Il legislatore del 2012 ha introdotto, nelle disposizioni di attuazione del codice civile, l’art. 71 bis c.c. il quale ha fissato dei requisiti minimi di professionalità e di onorabilità per gli amministratori di condominio, tra cui l’aver conseguito il diploma di scuola secondaria di secondo grado, l’aver frequentato un corso di formazione iniziale e lo svolgere attività di formazione periodica in materia di amministrazione condominiale.

Mancata formazione del Registro Anagrafe Sicurezza (RAS)

La Legge n. 220/2012 ha fortemente riformato la materia condominiale introducendo all’art. 1130 c.c. l’obbligo dell’amministratore di condominio di tenere un registro di anagrafe condominiale contenente, oltre alle generalità dei proprietari o dei titolari di diritti reali e ai dati catastali di ciascuna unità immobiliare, anche i dati relativi alle condizioni di sicurezza delle parti comune dell’edificio (certificazioni comprese).
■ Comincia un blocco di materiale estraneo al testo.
(* For all $\mathbf w_1,\mathbf w_2\in\mathcal V_{\mathrm{BSSC}}$ with $\mathbf w_1\neq\mathbf w_2$ we have $|\mathbf w_1^\dagger\mathbf w_2|\le1/\sqrt2$, and (for $m\ge1$) equality is attained by some pair. Consequently the minimum chordal distance $\min_{\mathbf w_1\ne\mathbf w_2}\sqrt{1-|\mathbf w_1^\dagger\mathbf w_2|^2}$ of $\mathcal V_{\mathrm{BSSC}}$ equals $1/\sqrt2$, the same as that of $\mathcal V_{\mathrm{BC}}$.
   Context: Fix $m\ge1$, $N=2^m$. Binary vectors are columns over $\mathbb F_2$; $\mathrm{Sym}(r;2)$ is the set of symmetric binary $r\times r$ matrices, $\mathcal G(m,r;2)$ the set of $r$-dimensional subspaces of $\mathbb F_2^m$. Vectors of $\mathbb C^N$ are indexed by $\mathbb F_2^m$; $\dagger$ is conjugate transpose. Whenever a binary expression appears in an exponent of $i$, binary entries are lifted to the integers $0,1$ and the expression is evaluated in $\mathbb Z$ (equivalently mod 4). Echelon data: for $0\le r\le m$ and $H\in\mathcal G(m,r;2)$, let $\mathbf H_{\mathcal I}$ be the unique $m\times r$ binary matrix in column reduced echelon form with column space $H$: there are indices $i_1<\dots<i_r$, $\mathcal I=\{i_1,\dots,i_r\}$, such that rows $i_1,\dots,i_r$ of $\mathbf H_{\mathcal I}$ form $\mathbf I_r$ and column $j$ of $\mathbf H_{\mathcal I}$ is zero in all rows above row $i_j$. Let $\mathbf I_{\tilde{\mathcal I}}$ be the $m\times(m-r)$ matrix whose columns are the standard basis vectors $\mathbf e_i$ with $i\notin\mathcal I$, in increasing order of $i$, and put $\mathbf P_{\mathcal I}=[\mathbf H_{\mathcal I}\ \ \mathbf I_{\tilde{\mathcal I}}]\in\mathrm{GL}(m;2)$. (For $r=0$: $H=\{0\}$, $\mathbf P_{\mathcal I}=\mathbf I_m$.) For $\mathbf S_r\in\mathrm{Sym}(r;2)$, $\tilde{\mathbf S}_r\in\mathrm{Sym}(m;2)$ denotes the matrix with $\mathbf S_r$ as its upper-left $r\times r$ block and zeros elsewhere. Binary subspace chirps: let $f(\mathbf v,\mathbf w,r)=\prod_{i=r+1}^m(1+v_i+w_i)$ computed in $\mathbb F_2$ and viewed in $\{0,1\}$. For $\mathbf b\in\mathbb F_2^m$, the binary subspace chirp (BSSC) $\mathbf w_{\mathbf b}=\mathbf w^{H,\mathbf S_r}_{\mathbf b}\in\mathbb C^N$ has entries $\mathbf w_{\mathbf b}(\mathbf a)=2^{-r/2}\,i^{\mathbf u^T\tilde{\mathbf S}_r\mathbf u+2\mathbf b^T\mathbf u}\,f(\mathbf b,\mathbf u,r)$ with $\mathbf u=\mathbf P_{\mathcal I}^{-1}\mathbf a\in\mathbb F_2^m$, for $\mathbf a\in\mathbb F_2^m$. The integer $r$ is its rank. $\mathcal V_{\mathrm{BSSC}}$ is the set of all such vectors over all $0\le r\le m$, $H\in\mathcal G(m,r;2)$, $\mathbf S_r\in\mathrm{Sym}(r;2)$, $\mathbf b\in\mathbb F_2^m$; binary chirps are the BSSCs of rank $r=m$, and $\mathcal V_{\mathrm{BC}}$ is their set. *)

theory Defs
  imports Complex_Main
begin
text \<open>The data of the theorem, with the three vertices indexed by a three-element set \<open>I\<close>:
  vertices \<open>x\<^sub>i\<close>, internal points \<open>o\<^sub>i\<^sub>j = o\<^sub>j\<^sub>i \<in> [x\<^sub>i x\<^sub>j]\<close> at distance \<open>g\<^sub>i = (x\<^sub>j|x\<^sub>k)\<^sub>x\<^sub>i\<close>
  from \<open>x\<^sub>i\<close>, tree points \<open>p\<^sub>i\<close> approximating the vertex distances up to \<open>E\<close>, a branch
  point \<open>o\<close> on all three tree segments, and the map \<open>p\<^sub>\<Delta>\<close> which dilates each leg
  \<open>[x\<^sub>i o\<^sub>i\<^sub>j]\<close> onto \<open>[p\<^sub>i o]\<close>.\<close>
locale triangle_to_tripod =
  fixes I :: "'i set"
    and xs :: "'i \<Rightarrow> real^'n" and os :: "'i \<Rightarrow> 'i \<Rightarrow> real^'n" and g :: "'i \<Rightarrow> real"
    and T :: "'b::metric_space set" and ps :: "'i \<Rightarrow> 'b" and ob :: 'b
    and pD :: "real^'n \<Rightarrow> 'b" and E :: real
  assumes three: "card I = 3"
    and vertex_in: "\<And>i. i \<in> I \<Longrightarrow> xs i \<in> hyp_space"
    and tree: "real_tree T"
    and tree_vertex_in: "\<And>i. i \<in> I \<Longrightarrow> ps i \<in> T"
    and approx: "\<And>i j. i \<in> I \<Longrightarrow> j \<in> I \<Longrightarrow>
        hdist (xs i) (xs j) - E \<le> dist (ps i) (ps j) \<and> dist (ps i) (ps j) \<le> hdist (xs i) (xs j)"
    and g_gromov: "\<And>i j k. i \<in> I \<Longrightarrow> j \<in> I \<Longrightarrow> k \<in> I \<Longrightarrow> i \<noteq> j \<Longrightarrow> i \<noteq> k \<Longrightarrow> j \<noteq> k \<Longrightarrow>
        g i = gromov_product (xs i) (xs j) (xs k)"
    and internal_in: "\<And>i j. i \<in> I \<Longrightarrow> j \<in> I \<Longrightarrow> i \<noteq> j \<Longrightarrow> os i j \<in> hseg (xs i) (xs j)"
    and internal_commute: "\<And>i j. i \<in> I \<Longrightarrow> j \<in> I \<Longrightarrow> i \<noteq> j \<Longrightarrow> os j i = os i j"
    and internal_dist: "\<And>i j. i \<in> I \<Longrightarrow> j \<in> I \<Longrightarrow> i \<noteq> j \<Longrightarrow> hdist (xs i) (os i j) = g i"
    and branch_in: "\<And>i j. i \<in> I \<Longrightarrow> j \<in> I \<Longrightarrow> i \<noteq> j \<Longrightarrow> ob \<in> gseg dist T (ps i) (ps j)"
    and pD_vertex: "\<And>i. i \<in> I \<Longrightarrow> pD (xs i) = ps i"
    and pD_internal: "\<And>i j. i \<in> I \<Longrightarrow> j \<in> I \<Longrightarrow> i \<noteq> j \<Longrightarrow> pD (os i j) = ob"
    and pD_dilation: "\<And>i j. i \<in> I \<Longrightarrow> j \<in> I \<Longrightarrow> i \<noteq> j \<Longrightarrow>
        dilation_on_seg pD T (xs i) (os i j) (ps i) ob"
begin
In quest’ultimo caso di parla del c.d. Registro Anagrafe Sicurezza (R.A.S.) – per saperne di più consulta il nostro approfondimento pubblicato su Altalex “Cosa è il ”registro anagrafe sicurezza” (RAS)”) -, vale a dire un fascicolo di fondamentale importanza che ha l’obiettivo di evitare di esporre i condomini, o chiunque acceda al complesso, al rischio di incendio.
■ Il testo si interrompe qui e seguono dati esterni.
lemma large_scale_bounds:
  fixes M N \<epsilon> :: real
  assumes M: "1 \<le> M" and \<epsilon>: "0 < \<epsilon>" "\<epsilon> \<le> 1" and N: "100000 * M^6 \<le> \<epsilon>^2 * N"
  shows "16 * M^2 \<le> N" "16 \<le> N" "1 / N \<le> \<epsilon> / 4" "100000 * (M^6 / N) \<le> \<epsilon>^2"
proof -
  have \<epsilon>2: "\<epsilon>^2 \<le> \<epsilon>" "\<epsilon> \<le> 1"
    using \<epsilon> by (simp_all add: power2_eq_square mult_left_le)
  have M6: "1 \<le> M^6" "M^2 \<le> M^6"
    using M by (simp_all add: one_le_power power_increasing)
  then have "0 < \<epsilon>^2 * N"
    using N by linarith
  then have "0 < N"
    using \<epsilon>(1) by (simp add: zero_less_mult_iff)
  then have \<epsilon>N: "\<epsilon>^2 * N \<le> N"
    using \<epsilon>2 mult_right_mono[of "\<epsilon>^2" 1 N] by simp
  then show "16 * M^2 \<le> N" "16 \<le> N"
    using N M6 by linarith+
  have "\<epsilon>^2 * N \<le> \<epsilon> * N"
    using \<epsilon>2 \<open>0 < N\<close> by (simp add: mult_right_mono)
  then have "4 \<le> \<epsilon> * N"
    using N M6 by linarith
  then show "1 / N \<le> \<epsilon> / 4"
    using \<open>0 < N\<close> by (simp add: field_simps)
  show "100000 * (M^6 / N) \<le> \<epsilon>^2"
    using N \<open>0 < N\<close> by (simp add: field_simps)
qed

section \<open>Flatness in a normalized frame\<close>

context
  fixes g :: "wpl \<Rightarrow> heis" and M N r y0 \<tau>0 t :: real and B :: "heis set"
  assumes M: "1 \<le> M" and N: "16 * M^2 \<le> N" and r: "0 < r"
    and lip: "\<And>a b. hdist (g a) (g b) \<le> M * dpar a b"
    and colip: "\<And>a b. dpar a b \<le> M * hdist (g a) (g b)"
    and g_center: "hnorm (g (y0, \<tau>0)) \<le> r / N"
    and g_axis: "\<And>y. \<bar>y - y0\<bar> \<le> N * r \<Longrightarrow> \<exists>s. hdist (g (y, \<tau>0)) (s, 0, 0) \<le> r / N"
    and t: "\<bar>t - \<tau>0\<bar> \<le> r^2"
    and B: "horiz_line_H B"
    and g_B: "\<And>y. \<bar>y - y0\<bar> \<le> N * r \<Longrightarrow> \<exists>b\<in>B. hdist (g (y, t)) b \<le> r / N"
begin

private lemma N_bounds: "16 \<le> N" "0 < N" "r / N \<le> r" "r \<le> N * r" "2 * r / N \<le> r"
proof -
  have "1 \<le> M^2"
    using M by simp
  then show "16 \<le> N" "0 < N"
    using N by linarith+
  then show "r / N \<le> r" "r \<le> N * r" "2 * r / N \<le> r"
    using r by (simp_all add: divide_le_eq)
qed

private lemma M_pos: "0 < M"
  using M by simp

private lemma r_le_Mr: "r \<le> M * r"
  using M r by simp

private lemma sqrt_t_le: "sqrt \<bar>t - \<tau>0\<bar> \<le> r"
  using t r by (simp add: sqrt_le_iff)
La mancata tenuta del R.A.S. costituisce motivo di revoca giudiziale. Tale condotta omissiva è altresì idonea a mettere a rischio la sicurezza del condominio stesso, ragion per cui l’amministratore inadempiente può anche incorrere in responsabilità civile o penale.

Mancata presentazione del preventivo

L’amministratore di condominio, all’atto dell’accettazione della nomina ma anche del suo rinnovo, deve specificare analiticamente, a pena di nullità della nomina stessa, l’importo dovuto a tutolo di compenso per l’attività svolta. Se non lo fa, non solo la revoca – peraltro rispetto ad un contratto nullo – sarà legittima ma l’amministratore non avrà altresì diritto ad alcuna indennità per il recesso.
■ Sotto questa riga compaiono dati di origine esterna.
(* For all integers $m\ge 4$ and $n\ge 10$, the complete bipartite graph $K_{m,n}$ belongs to $\mathcal{S}_3$.
   Context: $G\in\mathcal{S}_3$ means: for every $\beta:V(G)\to\mathbb{Z}_3$ with $\sum_v\beta(v)\equiv0\pmod3$ there is a strongly-connected orientation $D$ of $G$ with $d^+_D(v)-d^-_D(v)\equiv\beta(v)\pmod3$ for all $v$. *)

theory Defs
  imports Main
begin

definition simple_graph :: "'a set \<Rightarrow> 'a set set \<Rightarrow> bool" where
  "simple_graph V E \<longleftrightarrow> finite V \<and> (\<forall>e\<in>E. e \<subseteq> V \<and> card e = 2)"

definition is_orientation :: "'a set set \<Rightarrow> ('a \<times> 'a) set \<Rightarrow> bool" where
  "is_orientation E D \<longleftrightarrow>
     (\<forall>(u,v)\<in>D. {u,v} \<in> E \<and> u \<noteq> v) \<and>
     (\<forall>u v. {u,v} \<in> E \<and> u \<noteq> v \<longrightarrow> ((u,v) \<in> D \<longleftrightarrow> (v,u) \<notin> D))"

definition strongly_connected :: "'a set \<Rightarrow> ('a \<times> 'a) set \<Rightarrow> bool" where
  "strongly_connected V D \<longleftrightarrow> (\<forall>u\<in>V. \<forall>v\<in>V. (u,v) \<in> D\<^sup>*)"

definition out_deg :: "('a \<times> 'a) set \<Rightarrow> 'a \<Rightarrow> nat" where
  "out_deg D v = card {w. (v,w) \<in> D}"

definition in_deg :: "('a \<times> 'a) set \<Rightarrow> 'a \<Rightarrow> nat" where
  "in_deg D v = card {w. (w,v) \<in> D}"

definition in_S3 :: "'a set \<Rightarrow> 'a set set \<Rightarrow> bool" where
  "in_S3 V E \<longleftrightarrow>
     (\<forall>\<beta> :: 'a \<Rightarrow> int. (\<forall>v\<in>V. \<beta> v \<in> {0,1,2}) \<and> (\<Sum>v\<in>V. \<beta> v) mod 3 = 0 \<longrightarrow>
        (\<exists>D. is_orientation E D \<and> strongly_connected V D \<and>
             (\<forall>v\<in>V. (int (out_deg D v) - int (in_deg D v)) mod 3 = \<beta> v mod 3)))"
Conseguenze della revoca GIUDIZIALE DELl’amministratorE DI CONDOMINIO

La revoca giudiziale rappresenta un provvedimento grave, con diverse conseguenze negative per l’amministratore:

  • Danno reputazionale. La revoca giudiziale comporta una perdita di fiducia da parte dei condomini e potrebbe danneggiare irreparabilmente la sua reputazione professionale, pregiudicando la possibilità di ottenere nuovi incarichi.
  • Obbligo di risarcimento danni. Se la revoca dovesse essere motivata da irregolarità nella gestione del condominio o da violazioni degli obblighi, l’amministratore potrebbe essere condannato a risarcire eventuali danni, patrimoniali e non, arrecati ai singoli condomini o al condominio stesso.
  • Esclusione da futuri incarichi. L’amministratore di condominio, una volta revocato dall’autorità giudiziaria, non potrà essere nuovamente nominato dall’assemblea.

ConCLUSIONI

La revoca giudiziale dell’amministratore di condominio è uno strumento straordinario di tutela riservata ai casi di mala gestio dell’amministratore che si dimostri gravemente inadeguata e lesiva degli interessi dei condomini. Le conseguenze per l’amministratore possono essere particolarmente pesanti, con risvolti economici e reputazionali significativi. È, pertanto, importante che l’amministratore agisca sempre con diligenza, trasparenza e nel rispetto della normativa vigente e del regolamento condominiale.